┌─ Information

(* Let $1\to F\to G\xrightarrow{\tau} Q\to 1$ be a short exact sequence of groups with $F$ finite. Let $T$ be a finite generating set of $Q$ and put $S=\tau^{-1}(T)\cup F$ (a finite generating set of $G$). Then \[\mathrm{ConjGeo}(G,S)=\tau^{-1}\bigl(\mathrm{ConjGeo}(Q,T)\bigr)\cup(F\setminus\{1\}),\] where $\tau$ is extended letterwise to a map $\tau^{-1}(T)^*\to T^*$ and $F\setminus\{1\}$ denotes the set of one-letter words. Consequently, for any class of languages $\mathbf C$ closed under inverse images by non-erasing monoid homomorphisms and under union with finite languages (e.g. regular, one-counter, context-free, recursive languages), $\mathrm{ConjGeo}(G,S)\in\mathbf C$ if and only if $\mathrm{ConjGeo}(Q,T)\in\mathbf C$.
   Context: For a group $G$ with finite generating set $S$, a word $w\in S^*$ is a conjugacy geodesic if its length equals $\min\{\|h\|_S : h \text{ conjugate in } G \text{ to the element } \bar w \text{ represented by } w\}$, where $\|h\|_S$ is the word length with respect to $S$. $\mathrm{ConjGeo}(G,S)\subseteq S^*$ is the language of all conjugacy geodesics. *)

theory Defs
  imports "HOL-Algebra.Algebra"
begin

definition word_eval :: "('a, 'm) monoid_scheme \<Rightarrow> 'a list \<Rightarrow> 'a" where
  "word_eval G w = foldr (\<lambda>a b. a \<otimes>\<^bsub>G\<^esub> b) w \<one>\<^bsub>G\<^esub>"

└─

*Task instructions:* The answer is to be the complete listing, transcribed exactly.

*Finished task:*
(* Let $1\to F\to G\xrightarrow{\tau} Q\to 1$ be a short exact sequence of groups with $F$ finite. Let $T$ be a finite generating set of $Q$ and put $S=\tau^{-1}(T)\cup F$ (a finite generating set of $G$). Then \[\mathrm{ConjGeo}(G,S)=\tau^{-1}\bigl(\mathrm{ConjGeo}(Q,T)\bigr)\cup(F\setminus\{1\}),\] where $\tau$ is extended letterwise to a map $\tau^{-1}(T)^*\to T^*$ and $F\setminus\{1\}$ denotes the set of one-letter words. Consequently, for any class of languages $\mathbf C$ closed under inverse images by non-erasing monoid homomorphisms and under union with finite languages (e.g. regular, one-counter, context-free, recursive languages), $\mathrm{ConjGeo}(G,S)\in\mathbf C$ if and only if $\mathrm{ConjGeo}(Q,T)\in\mathbf C$.
   Context: For a group $G$ with finite generating set $S$, a word $w\in S^*$ is a conjugacy geodesic if its length equals $\min\{\|h\|_S : h \text{ conjugate in } G \text{ to the element } \bar w \text{ represented by } w\}$, where $\|h\|_S$ is the word length with respect to $S$. $\mathrm{ConjGeo}(G,S)\subseteq S^*$ is the language of all conjugacy geodesics. *)

theory Defs
  imports "HOL-Algebra.Algebra"
begin

definition word_eval :: "('a, 'm) monoid_scheme \<Rightarrow> 'a list \<Rightarrow> 'a" where
  "word_eval G w = foldr (\<lambda>a b. a \<otimes>\<^bsub>G\<^esub> b) w \<one>\<^bsub>G\<^esub>"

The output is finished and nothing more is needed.